[Work order] Look below. Copy each line that has "definition" in it.
++++++
lemma card_shift_support_inter:
  assumes "A \<in> zo_matrices u v" "A' \<in> zo_matrices u v"
  shows "card (shift_support u v A b \<inter> shift_support u v A' b') = corr u v A A' (int b' - int b)"
proof -
  let ?f = "\<lambda>p. A (fst p, (snd p + b) mod v) * A' (fst p, (snd p + b') mod v)"
  have "shift_support u v A b \<inter> shift_support u v A' b' = {(i, j). i < u \<and> j < v \<and> ?f (i, j) = 1}"
    unfolding shift_support_def by auto
  moreover have "?f p = 0 \<or> ?f p = 1" for p
    using zo_matrix_values[OF assms(1), of "(fst p, (snd p + b) mod v)"]
      zo_matrix_values[OF assms(2), of "(fst p, (snd p + b') mod v)"] by auto
  ultimately have "card (shift_support u v A b \<inter> shift_support u v A' b') = (\<Sum>i<u. \<Sum>j<v. ?f (i, j))"
    using sum_grid_eq_card[of ?f] by simp
  also have "\<dots> = corr u v A A' (int b' - int b)"
    unfolding corr_def
  proof (rule sum.cong[OF refl])
    fix i
    have "nat ((int ((j + b) mod v) + (int b' - int b)) mod int v) = (j + b') mod v" for j
    proof -
      have "(int ((j + b) mod v) + (int b' - int b)) mod int v
          = ((int j + int b) mod int v + (int b' - int b)) mod int v"
        by (simp only: of_nat_mod of_nat_add)
      also have "\<dots> = (int j + int b') mod int v"
        by (simp add: mod_add_left_eq)
      also have "\<dots> = int ((j + b') mod v)"
        by (simp only: of_nat_mod of_nat_add)
      finally show ?thesis by simp
    qed
    then show "(\<Sum>j<v. ?f (i, j)) = (\<Sum>j<v. A (i, j) * A' (i, nat ((int j + (int b' - int b)) mod int v)))"
      using sum_shift_mod[of "\<lambda>j. A (i, j) * A' (i, nat ((int j + (int b' - int b)) mod int v))" b v]
      by simp
  qed
  finally show ?thesis .
qed

lemma diff_mod_eq_0_iff_eq:
  assumes "b < v" "b' < v"
  shows "(int b' - int b) mod int v = 0 \<longleftrightarrow> b = b'"
proof
  assume "(int b' - int b) mod int v = 0"
  then have dvd: "int v dvd int b' - int b" by (simp add: mod_eq_0_iff_dvd)
  show "b = b'"
  proof (rule ccontr)
    assume "b \<noteq> b'"
    then have "\<bar>int v\<bar> \<le> \<bar>int b' - int b\<bar>" using dvd by (intro dvd_imp_le_int) simp_all
    with assms show False by simp
  qed
qed simp

lemma ooc_shift_support_inter_le:
  assumes ooc: "is_2D_OOC u v w lam C"
    and "A \<in> C" "A' \<in> C" "b < v" "b' < v" "(A, b) \<noteq> (A', b')"
  shows "card (shift_support u v A b \<inter> shift_support u v A' b') \<le> lam"
proof -
  have zo: "A \<in> zo_matrices u v" "A' \<in> zo_matrices u v"
    using ooc assms(2,3) unfolding is_2D_OOC_def by blast+
  have distinct: "A \<noteq> A' \<or> (int b' - int b) mod int v \<noteq> 0"
  proof (cases "A = A'")
    case True
    with assms(6) have "b \<noteq> b'" by simp
    with diff_mod_eq_0_iff_eq[OF assms(4,5)] show ?thesis by simp
  qed simp
  from ooc have "\<forall>A\<in>C. \<forall>B\<in>C. \<forall>r. A \<noteq> B \<or> r mod int v \<noteq> 0 \<longrightarrow> corr u v A B r \<le> lam"
    by (simp add: is_2D_OOC_def)
  from this[rule_format, OF assms(2,3) distinct] show ?thesis
    by (simp add: card_shift_support_inter[OF zo])
qed

text \<open>For two columns the cyclic shift is the swap of the columns; it is only used on the grid,
  where the truncated subtraction is harmless.\<close>

definition col_swap :: "nat \<times> nat \<Rightarrow> nat \<times> nat" where
  "col_swap p = (fst p, 1 - snd p)"

lemma col_swap_neq: "col_swap p \<noteq> p"
  by (cases p) (simp add: col_swap_def; presburger)

lemma col_swap_col_swap: "snd p < 2 \<Longrightarrow> col_swap (col_swap p) = p"
  by (cases p) (auto simp: col_swap_def)

lemma col_swap_mem_shift_support:
  assumes "snd p < 2" "b < 2"
  shows "col_swap p \<in> shift_support u 2 A b \<longleftrightarrow> p \<in> shift_support u 2 A (1 - b)"
  using assms by (cases p) (auto simp: col_swap_def shift_support_def less_2_cases_iff)

lemma swap_pair_subset_shift_support_iff:
  assumes "snd x < 2" "b < 2"
  shows "{x, col_swap x} \<subseteq> shift_support u 2 A b \<longleftrightarrow> {x, col_swap x} \<subseteq> shift_support u 2 A (1 - b)"
proof -
  have "snd (col_swap x) < 2" by (simp add: col_swap_def)
  then have "x \<in> shift_support u 2 A b \<longleftrightarrow> col_swap x \<in> shift_support u 2 A (1 - b)"
    using col_swap_mem_shift_support[of "col_swap x" b u A] assms by (simp add: col_swap_col_swap)
  with col_swap_mem_shift_support[OF assms, of u A] show ?thesis by blast
qed

definition ooc_leave :: "nat \<Rightarrow> (nat \<times> nat \<Rightarrow> nat) set \<Rightarrow> (nat \<times> nat) set set" where
  "ooc_leave u C = packing_leave ({..<u} \<times> {..<2}) 3 (C \<times> {..<2}) (\<lambda>(A, b). shift_support u 2 A b)"

lemma card_ooc_leave_supersets:
  assumes ooc: "is_2D_OOC u 2 4 2 C" and Q: "Q \<subseteq> {..<u} \<times> {..<2}" "card Q \<le> 3"
  shows "card {t \<in> ooc_leave u C. Q \<subseteq> t}
           + (4 - card Q) * card {(A, b) \<in> C \<times> {..<2}. Q \<subseteq> shift_support u 2 A b}
         = (2 * u - card Q) choose (3 - card Q)"
proof -
  have "card {t \<in> ooc_leave u C. Q \<subseteq> t}
          + (Suc 3 - card Q) * card {i \<in> C \<times> {..<2}. Q \<subseteq> (case i of (A, b) \<Rightarrow> shift_support u 2 A b)}
        = (card ({..<u} \<times> {..<2::nat}) - card Q) choose (3 - card Q)"
    unfolding ooc_leave_def
  proof (rule card_packing_leave_supersets[OF _ _ _ _ Q])
    show "finite (C \<times> {..<2::nat})" using finite_ooc[OF ooc] by simp
    show "(case i of (A, b) \<Rightarrow> shift_support u 2 A b) \<subseteq> {..<u} \<times> {..<2}
          \<and> card (case i of (A, b) \<Rightarrow> shift_support u 2 A b) = Suc 3" if "i \<in> C \<times> {..<2}" for i
      using that ooc card_shift_support
      by (auto simp: shift_support_def is_2D_OOC_def)
    show "card ((case i of (A, b) \<Rightarrow> shift_support u 2 A b) \<inter> (case j of (A, b) \<Rightarrow> shift_support u 2 A b)) < 3"
      if "i \<in> C \<times> {..<2}" "j \<in> C \<times> {..<2}" "i \<noteq> j" for i j
      using that ooc_shift_support_inter_le[OF ooc] by (fastforce simp: le_less_Suc_eq)
  qed simp
  moreover have "{i \<in> C \<times> {..<2}. Q \<subseteq> (case i of (A, b) \<Rightarrow> shift_support u 2 A b)}
      = {(A, b) \<in> C \<times> {..<2}. Q \<subseteq> shift_support u 2 A b}" by auto
  ultimately show ?thesis by (simp add: mult.commute)
qed

lemma col_swap_image_ooc_leave:
  assumes t: "t \<in> ooc_leave u C"
  shows "col_swap ` t \<in> ooc_leave u C"
proof -
  let ?B = "\<lambda>(A, b). shift_support u 2 A b"
  have "t \<subseteq> {..<u} \<times> {..<2} \<and> card t = 3 \<and> (\<forall>i\<in>C \<times> {..<2}. \<not> t \<subseteq> ?B i)"
    using t unfolding ooc_leave_def packing_leave_def by (rule CollectD)
  then have t_grid: "t \<subseteq> {..<u} \<times> {..<2}" and card_t: "card t = 3"
    and uncovered: "\<forall>i\<in>C \<times> {..<2}. \<not> t \<subseteq> ?B i" by simp_all
  have swap_grid: "col_swap ` t \<subseteq> {..<u} \<times> {..<2}"
    using t_grid by (auto simp: col_swap_def)
  have "inj_on col_swap t"
  proof (rule inj_onI)
    fix x y assume "x \<in> t" "y \<in> t" "col_swap x = col_swap y"
    moreover have "snd x < 2" "snd y < 2" using t_grid \<open>x \<in> t\<close> \<open>y \<in> t\<close> by auto
    ultimately show "x = y" by (metis col_swap_col_swap)
  qed
  then have card_swap: "card (col_swap ` t) = 3" by (simp add: card_image card_t)
  have "\<forall>i\<in>C \<times> {..<2}. \<not> col_swap ` t \<subseteq> ?B i"
  proof (intro ballI notI)
    fix i assume "i \<in> C \<times> {..<2}" and swap_sub: "col_swap ` t \<subseteq> ?B i"
    then obtain A b where i: "i = (A, b)" "A \<in> C" "b < 2" by blast
    have "t \<subseteq> ?B (A, 1 - b)"
    proof
      fix x assume "x \<in> t"
      then have "snd x < 2" "col_swap x \<in> shift_support u 2 A b"
        using t_grid swap_sub i(1) by auto
      then show "x \<in> ?B (A, 1 - b)" using col_swap_mem_shift_support[OF _ \<open>b < 2\<close>] by simp
    qed
    moreover have "(A, 1 - b) \<in> C \<times> {..<2}" using i by simp
    ultimately show False using uncovered by blast
  qed
  with swap_grid card_swap show ?thesis
    unfolding ooc_leave_def packing_leave_def by (intro CollectI conjI)
qed

lemma card_blocks_containing_swap_pair:
  assumes "finite C" "snd x < 2"
  shows "card {(A, b) \<in> C \<times> {..<2}. {x, col_swap x} \<subseteq> shift_support u 2 A b}
         = 2 * card {A \<in> C. {x, col_swap x} \<subseteq> shift_support u 2 A 0}"
proof -
  have pair_iff: "{x, col_swap x} \<subseteq> shift_support u 2 A b \<longleftrightarrow> {x, col_swap x} \<subseteq> shift_support u 2 A 0"
    if "b < 2" for A b
    using swap_pair_subset_shift_support_iff[OF assms(2) that] that by (cases b) auto
  have "{(A, b) \<in> C \<times> {..<2}. {x, col_swap x} \<subseteq> shift_support u 2 A b}
             = {A \<in> C. {x, col_swap x} \<subseteq> shift_support u 2 A 0} \<times> {..<2}"
  proof (rule set_eqI)
    fix q :: "(nat \<times> nat \<Rightarrow> nat) \<times> nat"
    obtain A b where q: "q = (A, b)" by (cases q)
    show "q \<in> {(A, b) \<in> C \<times> {..<2}. {x, col_swap x} \<subseteq> shift_support u 2 A b}
          \<longleftrightarrow> q \<in> {A \<in> C. {x, col_swap x} \<subseteq> shift_support u 2 A 0} \<times> {..<2}"
      unfolding q using pair_iff[of b A] by auto
  qed
  then show ?thesis using assms(1) by (simp add: card_cartesian_product)
qed

lemma choose_three_double_mod_8:
  fixes u :: nat
  assumes "u mod 4 = 3"
  shows "((2 * u) choose 3) mod 8 = 4"
proof -
  define k where "k = u div 4"
  define q where "q = u * (2 * u - 1) * (2 * k + 1)"
  have "2 * u - 2 = 4 * (2 * k + 1)" unfolding k_def using assms by presburger
  then have "6 * ((2 * u) choose 3) = 8 * q"
    using choose_three_mult[of "2 * u"] by (simp add: q_def algebra_simps)
  then have three: "3 * ((2 * u) choose 3) = 4 * q" by simp
  have "odd u" using assms by presburger
  then have "odd q" by (simp add: q_def odd_pos)
  then obtain r where "q = 2 * r + 1" by (rule oddE)
  with three have "3 * ((2 * u) choose 3) = 8 * r + 4" by simp
  moreover have "c mod 8 = 4" if "3 * c = 8 * r + 4" for c :: nat
    using that by presburger
  ultimately show ?thesis by blast
qed

lemma choose_two_double_pred:
  fixes u :: nat
  shows "(2 * u - 1) choose 2 = (2 * u - 1) * (u - 1)"
  using choose_two_mult[of "2 * u - 1"] by (simp add: algebra_simps)

lemma three_dvd_double_pred_mult_pred:
  fixes u :: nat
  assumes "u mod 3 \<noteq> 0"
  shows "3 dvd (2 * u - 1) * (u - 1)"
proof -
  have "3 dvd 2 * u - 1 \<or> 3 dvd u - 1" using assms by presburger
  then show ?thesis by auto
qed

lemma johnson_bound_eq:
  fixes u :: nat
  assumes "u mod 3 \<noteq> 0"
  shows "real u / 4 * \<lfloor>(2 * real u - 1) / 3 * \<lfloor>(2 * real u - 2) / 2\<rfloor>\<rfloor> = real ((2 * u) choose 3) / 8"
proof -
  define N where "N = (2 * u - 1) * (u - 1)"
  have u: "1 \<le> u" using assms by (cases u) auto
  have half: "(2 * real u - 2) / 2 = real (u - 1)" using u by (simp add: of_nat_diff)
  have "\<lfloor>(2 * real u - 2) / 2\<rfloor> = int (u - 1)" unfolding half by (rule floor_of_nat)
  moreover have "(2 * real u - 1) / 3 * real (u - 1) = real (N div 3)"
    using three_dvd_double_pred_mult_pred[OF assms] u
    by (simp add: N_def real_of_nat_div of_nat_diff)
  ultimately have "\<lfloor>(2 * real u - 1) / 3 * \<lfloor>(2 * real u - 2) / 2\<rfloor>\<rfloor> = int (N div 3)"
    by simp
  moreover have "6 * ((2 * u) choose 3) = 4 * u * N"
    using choose_three_mult[of "2 * u"] u by (simp add: N_def algebra_simps)
  then have "6 * real ((2 * u) choose 3) = 4 * real u * real N"
    by (metis of_nat_mult of_nat_numeral)
  ultimately show ?thesis
    using three_dvd_double_pred_mult_pred[OF assms] by (simp add: N_def real_of_nat_div field_simps)
qed

lemma three_dvd_card_ooc_leave_through_point:
  assumes ooc: "is_2D_OOC u 2 4 2 C" and u3: "u mod 3 \<noteq> 0" and x: "x \<in> {..<u} \<times> {..<2}"
  shows "3 dvd card {t \<in> ooc_leave u C. x \<in> t}"
proof -
  have "card {t \<in> ooc_leave u C. x \<in> t}
          + 3 * card {(A, b) \<in> C \<times> {..<2}. {x} \<subseteq> shift_support u 2 A b} = (2 * u - 1) choose 2"
    using card_ooc_leave_supersets[OF ooc, of "{x}"] x by simp
  moreover have "3 dvd (2 * u - 1) choose 2"
    unfolding choose_two_double_pred using u3 by (rule three_dvd_double_pred_mult_pred)
  moreover have "3 dvd a" if "a + 3 * b = n" "3 dvd n" for a b n :: nat
    using that by presburger
  ultimately show ?thesis by blast
qed

lemma four_dvd_card_ooc_leave_through_swap_pair:
  assumes ooc: "is_2D_OOC u 2 4 2 C" and u4: "u mod 4 = 3" and x: "x \<in> {..<u} \<times> {..<2}"
  shows "4 dvd card {t \<in> ooc_leave u C. {x, col_swap x} \<subseteq> t}"
proof -
  have x_snd: "snd x < 2" using x by auto
  have "col_swap x \<in> {..<u} \<times> {..<2}" using x by (auto simp: col_swap_def)
  moreover have "card {x, col_swap x} = 2" using col_swap_neq[of x] by auto
  ultimately have "card {t \<in> ooc_leave u C. {x, col_swap x} \<subseteq> t}
      + 2 * card {(A, b) \<in> C \<times> {..<2}. {x, col_swap x} \<subseteq> shift_support u 2 A b} = 2 * u - 2"
    using card_ooc_leave_supersets[OF ooc, of "{x, col_swap x}"] x by simp
  moreover have "4 dvd a" if "a + 2 * (2 * m) = 2 * u - 2" for a m :: nat
    using that u4 by presburger
  ultimately show ?thesis
    unfolding card_blocks_containing_swap_pair[OF finite_ooc[OF ooc] x_snd] by blast
qed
++++++
[Written solution]
definition col_swap :: "nat \<times> nat \<Rightarrow> nat \<times> nat" where
definition ooc_leave :: "nat \<Rightarrow> (nat \<times> nat \<Rightarrow> nat) set \<Rightarrow> (nat \<times> nat) set set" where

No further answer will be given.